**What this task involves:** Copy out the listing beneath, missing nothing.

**Records for this task:**
lemma variation_at_least_disjoint_intervals:
  fixes a b :: "'j \<Rightarrow> real"
  assumes "finite J"
    and "\<And>j. j \<in> J \<Longrightarrow> c \<le> a j \<and> a j \<le> b j \<and> b j \<le> d" and "c \<le> d"
    and "\<And>j j'. j \<in> J \<Longrightarrow> j' \<in> J \<Longrightarrow> j \<noteq> j' \<Longrightarrow> b j < a j' \<or> b j' < a j"
  shows "variation_at_least g c d (\<Sum>j\<in>J. \<bar>g (b j) - g (a j)\<bar>)"
  using assms
proof (induction J arbitrary: d rule: finite_ranking_induct[where f = a])
  case empty
  then show ?case by (simp add: variation_at_least_step)
next
  case (insert x S)
  show ?case
  proof (cases "x \<in> S")
    case True
    then show ?thesis using insert by (simp add: insert_absorb)
  next
    case False
    have "b y < a x" if "y \<in> S" for y
      using insert.prems(1)[of x] insert.prems(1)[of y] insert.prems(3)[of x y]
        insert.hyps(2)[OF that] that False by force
    then have "variation_at_least g c (a x) (\<Sum>j\<in>S. \<bar>g (b j) - g (a j)\<bar>)"
      using insert.prems by (intro insert.IH) (auto simp: less_imp_le)
    moreover have "variation_at_least g (a x) (b x) \<bar>g (b x) - g (a x)\<bar>"
      using insert.prems(1) by (intro variation_at_least_step) auto
    moreover have "variation_at_least g (b x) d 0"
      using insert.prems(1) by (intro variation_at_least_step) auto
    ultimately have "variation_at_least g c d
        ((\<Sum>j\<in>S. \<bar>g (b j) - g (a j)\<bar>) + \<bar>g (b x) - g (a x)\<bar> + 0)"
      by (intro variation_at_least_join)
    then show ?thesis using False insert.hyps(1) by (simp add: add.commute)
  qed
qed

lemma separated_if_frac_disjoint:
  fixes a b a' b' :: real
  assumes "a \<le> b" "a' \<le> b'"
    and "\<And>x x'. x \<in> {a..b} \<Longrightarrow> x' \<in> {a'..b'} \<Longrightarrow> frac x \<noteq> frac x'"
  shows "b < a' \<or> b' < a"
  using assms(3)[of "max a a'" "max a a'"] assms(1,2)
  by (cases "a \<le> a'") (auto simp flip: not_le)

lemma variation_at_least_disjoint_arcs:
  fixes a b :: "'j \<Rightarrow> real"
  assumes g: "\<And>x. g (x + 1) = g x" and "finite J"
    and arcs: "\<And>j. j \<in> J \<Longrightarrow> a j \<le> b j \<and> b j < a j + 1"
    and disjoint: "\<And>j j' x x'. j \<in> J \<Longrightarrow> j' \<in> J \<Longrightarrow> j \<noteq> j' \<Longrightarrow>
      x \<in> {a j..b j} \<Longrightarrow> x' \<in> {a j'..b j'} \<Longrightarrow> frac x \<noteq> frac x'"
  shows "\<exists>c. variation_at_least g c (c + 1) (\<Sum>j\<in>J. \<bar>g (b j) - g (a j)\<bar>)"
proof (cases "J = {}")
  case True
  then show ?thesis by (auto intro!: exI[of _ 0] variation_at_least_step)
next
  case False
  then obtain j0 where j0: "j0 \<in> J" by auto
  have separated: "b j + of_int m < a j' + of_int m' \<or> b j' + of_int m' < a j + of_int m"
    if "j \<in> J" "j' \<in> J" "j \<noteq> j'" for j j' m m'
  proof (rule separated_if_frac_disjoint)
    fix x x'
    assume "x \<in> {a j + of_int m..b j + of_int m}" "x' \<in> {a j' + of_int m'..b j' + of_int m'}"
    then show "frac x \<noteq> frac x'"
      using disjoint[OF that, of "x - of_int m" "x' - of_int m'"] by (auto simp: frac_def)
  qed (use arcs that in auto)
  \<comment> \<open>Shifting every arc by an integer so that it starts in \<open>[a j0, a j0 + 1)\<close> turns disjointness
    on the circle into disjointness on the line.\<close>
  define k where "k j = - \<lfloor>a j - a j0\<rfloor>" for j
  have start: "a j0 \<le> a j + of_int (k j) \<and> a j + of_int (k j) < a j0 + 1" for j
    unfolding k_def by linarith
  have "b j + of_int (k j) \<le> a j0 + 1" if "j \<in> J" for j
  proof (cases "j = j0")
    case False
    then show ?thesis
      using separated[OF that j0 False, of "k j" 1] start[of j] arcs[OF j0] by auto
  qed (use arcs[OF j0] in \<open>simp add: k_def\<close>)
  then have "variation_at_least g (a j0) (a j0 + 1)
      (\<Sum>j\<in>J. \<bar>g (b j + of_int (k j)) - g (a j + of_int (k j))\<bar>)"
    using \<open>finite J\<close> start separated arcs
    by (intro variation_at_least_disjoint_intervals) (auto simp: less_imp_le)
  moreover have "g (x + of_int m) = g x" for x m
  proof -
    interpret periodic_fun_simple' g by standard (rule g)
    show ?thesis by (rule plus_of_int)
  qed
  ultimately show ?thesis by auto
qed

**Reply to the task:**
lemma variation_at_least_disjoint_intervals:
  fixes a b :: "'j \<Rightarrow> real"
  assumes "finite J"
    and "\<And>j. j \<in> J \<Longrightarrow> c \<le> a j \<and> a j \<le> b j \<and> b j \<le> d" and "c \<le> d"
    and "\<And>j j'. j \<in> J \<Longrightarrow> j' \<in> J \<Longrightarrow> j \<noteq> j' \<Longrightarrow> b j < a j' \<or> b j' < a j"
  shows "variation_at_least g c d (\<Sum>j\<in>J. \<bar>g (b j) - g (a j)\<bar>)"
  using assms
proof (induction J arbitrary: d rule: finite_ranking_induct[where f = a])
  case empty
  then show ?case by (simp add: variation_at_least_step)
next
  case (insert x S)
  show ?case
  proof (cases "x \<in> S")
    case True
    then show ?thesis using insert by (simp add: insert_absorb)
  next
    case False
    have "b y < a x" if "y \<in> S" for y
      using insert.prems(1)[of x] insert.prems(1)[of y] insert.prems(3)[of x y]
        insert.hyps(2)[OF that] that False by force
    then have "variation_at_least g c (a x) (\<Sum>j\<in>S. \<bar>g (b j) - g (a j)\<bar>)"
      using insert.prems by (intro insert.IH) (auto simp: less_imp_le)
    moreover have "variation_at_least g (a x) (b x) \<bar>g (b x) - g (a x)\<bar>"
      using insert.prems(1) by (intro variation_at_least_step) auto
    moreover have "variation_at_least g (b x) d 0"
      using insert.prems(1) by (intro variation_at_least_step) auto
    ultimately have "variation_at_least g c d
        ((\<Sum>j\<in>S. \<bar>g (b j) - g (a j)\<bar>) + \<bar>g (b x) - g (a x)\<bar> + 0)"
      by (intro variation_at_least_join)
    then show ?thesis using False insert.hyps(1) by (simp add: add.commute)
  qed
qed

lemma separated_if_frac_disjoint:
  fixes a b a' b' :: real
  assumes "a \<le> b" "a' \<le> b'"
    and "\<And>x x'. x \<in> {a..b} \<Longrightarrow> x' \<in> {a'..b'} \<Longrightarrow> frac x \<noteq> frac x'"
  shows "b < a' \<or> b' < a"
  using assms(3)[of "max a a'" "max a a'"] assms(1,2)
  by (cases "a \<le> a'") (auto simp flip: not_le)

lemma variation_at_least_disjoint_arcs:
  fixes a b :: "'j \<Rightarrow> real"
  assumes g: "\<And>x. g (x + 1) = g x" and "finite J"
    and arcs: "\<And>j. j \<in> J \<Longrightarrow> a j \<le> b j \<and> b j < a j + 1"
    and disjoint: "\<And>j j' x x'. j \<in> J \<Longrightarrow> j' \<in> J \<Longrightarrow> j \<noteq> j' \<Longrightarrow>
      x \<in> {a j..b j} \<Longrightarrow> x' \<in> {a j'..b j'} \<Longrightarrow> frac x \<noteq> frac x'"
  shows "\<exists>c. variation_at_least g c (c + 1) (\<Sum>j\<in>J. \<bar>g (b j) - g (a j)\<bar>)"
proof (cases "J = {}")
  case True
  then show ?thesis by (auto intro!: exI[of _ 0] variation_at_least_step)
next
  case False
  then obtain j0 where j0: "j0 \<in> J" by auto
  have separated: "b j + of_int m < a j' + of_int m' \<or> b j' + of_int m' < a j + of_int m"
    if "j \<in> J" "j' \<in> J" "j \<noteq> j'" for j j' m m'
  proof (rule separated_if_frac_disjoint)
    fix x x'
    assume "x \<in> {a j + of_int m..b j + of_int m}" "x' \<in> {a j' + of_int m'..b j' + of_int m'}"
    then show "frac x \<noteq> frac x'"
      using disjoint[OF that, of "x - of_int m" "x' - of_int m'"] by (auto simp: frac_def)
  qed (use arcs that in auto)
  \<comment> \<open>Shifting every arc by an integer so that it starts in \<open>[a j0, a j0 + 1)\<close> turns disjointness
    on the circle into disjointness on the line.\<close>
  define k where "k j = - \<lfloor>a j - a j0\<rfloor>" for j
  have start: "a j0 \<le> a j + of_int (k j) \<and> a j + of_int (k j) < a j0 + 1" for j
    unfolding k_def by linarith
  have "b j + of_int (k j) \<le> a j0 + 1" if "j \<in> J" for j
  proof (cases "j = j0")
    case False
    then show ?thesis
      using separated[OF that j0 False, of "k j" 1] start[of j] arcs[OF j0] by auto
  qed (use arcs[OF j0] in \<open>simp add: k_def\<close>)
  then have "variation_at_least g (a j0) (a j0 + 1)
      (\<Sum>j\<in>J. \<bar>g (b j + of_int (k j)) - g (a j + of_int (k j))\<bar>)"
    using \<open>finite J\<close> start separated arcs
    by (intro variation_at_least_disjoint_intervals) (auto simp: less_imp_le)
  moreover have "g (x + of_int m) = g x" for x m
  proof -
    interpret periodic_fun_simple' g by standard (rule g)
    show ?thesis by (rule plus_of_int)
  qed
  ultimately show ?thesis by auto
qed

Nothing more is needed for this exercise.